About this exercise
Look for "brace_factor A (I (Suc i)) (I i) \<subseteq>" in the entries below. Write out that line and all later lines exactly, ending with the final one.

Recorded information
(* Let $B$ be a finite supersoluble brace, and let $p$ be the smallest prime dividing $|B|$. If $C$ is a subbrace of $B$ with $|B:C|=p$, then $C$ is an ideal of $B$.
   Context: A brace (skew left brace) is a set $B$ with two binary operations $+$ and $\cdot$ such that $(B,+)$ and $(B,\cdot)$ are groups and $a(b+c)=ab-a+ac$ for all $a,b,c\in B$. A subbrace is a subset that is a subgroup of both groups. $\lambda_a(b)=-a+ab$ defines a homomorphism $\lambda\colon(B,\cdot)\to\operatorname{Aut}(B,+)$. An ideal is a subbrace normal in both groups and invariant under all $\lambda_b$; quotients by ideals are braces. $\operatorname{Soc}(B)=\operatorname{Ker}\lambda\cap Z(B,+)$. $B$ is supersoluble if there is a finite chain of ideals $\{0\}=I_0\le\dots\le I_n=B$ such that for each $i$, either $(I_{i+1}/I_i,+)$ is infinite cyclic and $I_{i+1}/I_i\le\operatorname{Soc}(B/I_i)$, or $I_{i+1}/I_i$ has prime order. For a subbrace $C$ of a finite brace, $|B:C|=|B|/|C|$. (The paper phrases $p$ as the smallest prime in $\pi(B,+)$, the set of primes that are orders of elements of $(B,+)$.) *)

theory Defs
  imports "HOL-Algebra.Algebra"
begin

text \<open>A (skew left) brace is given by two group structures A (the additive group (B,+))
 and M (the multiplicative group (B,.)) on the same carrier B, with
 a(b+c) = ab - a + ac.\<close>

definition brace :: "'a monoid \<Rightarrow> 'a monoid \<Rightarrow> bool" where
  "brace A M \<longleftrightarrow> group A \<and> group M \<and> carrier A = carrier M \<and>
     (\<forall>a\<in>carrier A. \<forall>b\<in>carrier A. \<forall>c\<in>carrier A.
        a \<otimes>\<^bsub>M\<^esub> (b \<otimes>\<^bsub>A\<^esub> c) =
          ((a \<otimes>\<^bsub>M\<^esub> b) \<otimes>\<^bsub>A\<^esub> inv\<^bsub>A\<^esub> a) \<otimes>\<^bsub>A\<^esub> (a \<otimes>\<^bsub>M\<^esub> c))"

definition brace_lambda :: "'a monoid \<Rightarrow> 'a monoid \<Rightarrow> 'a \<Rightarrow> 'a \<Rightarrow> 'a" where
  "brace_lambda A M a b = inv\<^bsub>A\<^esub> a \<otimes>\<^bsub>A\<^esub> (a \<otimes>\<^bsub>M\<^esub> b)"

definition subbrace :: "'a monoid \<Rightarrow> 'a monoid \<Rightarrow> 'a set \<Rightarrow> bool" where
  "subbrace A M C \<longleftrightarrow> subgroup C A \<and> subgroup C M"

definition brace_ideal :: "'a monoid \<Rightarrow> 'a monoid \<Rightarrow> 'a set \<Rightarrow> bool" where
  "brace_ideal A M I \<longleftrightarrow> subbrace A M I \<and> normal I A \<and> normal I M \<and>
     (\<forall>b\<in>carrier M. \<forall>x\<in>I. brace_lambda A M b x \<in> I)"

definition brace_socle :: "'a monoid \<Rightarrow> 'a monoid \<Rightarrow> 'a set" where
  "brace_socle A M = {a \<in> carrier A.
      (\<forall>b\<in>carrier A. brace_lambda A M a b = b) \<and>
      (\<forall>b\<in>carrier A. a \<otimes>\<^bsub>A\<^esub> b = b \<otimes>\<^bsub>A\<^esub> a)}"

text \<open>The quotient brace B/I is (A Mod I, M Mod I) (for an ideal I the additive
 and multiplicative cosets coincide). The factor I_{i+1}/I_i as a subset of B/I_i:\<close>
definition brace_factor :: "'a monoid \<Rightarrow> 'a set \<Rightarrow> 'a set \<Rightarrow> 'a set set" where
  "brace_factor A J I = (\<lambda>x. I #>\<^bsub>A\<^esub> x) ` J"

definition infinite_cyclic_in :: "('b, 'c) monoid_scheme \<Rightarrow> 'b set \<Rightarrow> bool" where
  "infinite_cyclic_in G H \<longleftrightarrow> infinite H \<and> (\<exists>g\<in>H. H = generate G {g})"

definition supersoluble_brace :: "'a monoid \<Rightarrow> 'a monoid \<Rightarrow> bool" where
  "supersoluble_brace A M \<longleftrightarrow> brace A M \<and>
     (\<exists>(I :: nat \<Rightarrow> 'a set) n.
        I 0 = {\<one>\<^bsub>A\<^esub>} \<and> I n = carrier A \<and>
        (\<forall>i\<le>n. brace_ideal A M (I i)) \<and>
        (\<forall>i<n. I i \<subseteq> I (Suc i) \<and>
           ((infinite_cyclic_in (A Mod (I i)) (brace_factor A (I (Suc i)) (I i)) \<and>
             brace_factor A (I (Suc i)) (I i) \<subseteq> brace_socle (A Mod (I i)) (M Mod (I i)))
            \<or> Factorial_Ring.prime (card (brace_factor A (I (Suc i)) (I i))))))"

Exercise output
             brace_factor A (I (Suc i)) (I i) \<subseteq> brace_socle (A Mod (I i)) (M Mod (I i)))
            \<or> Factorial_Ring.prime (card (brace_factor A (I (Suc i)) (I i))))))"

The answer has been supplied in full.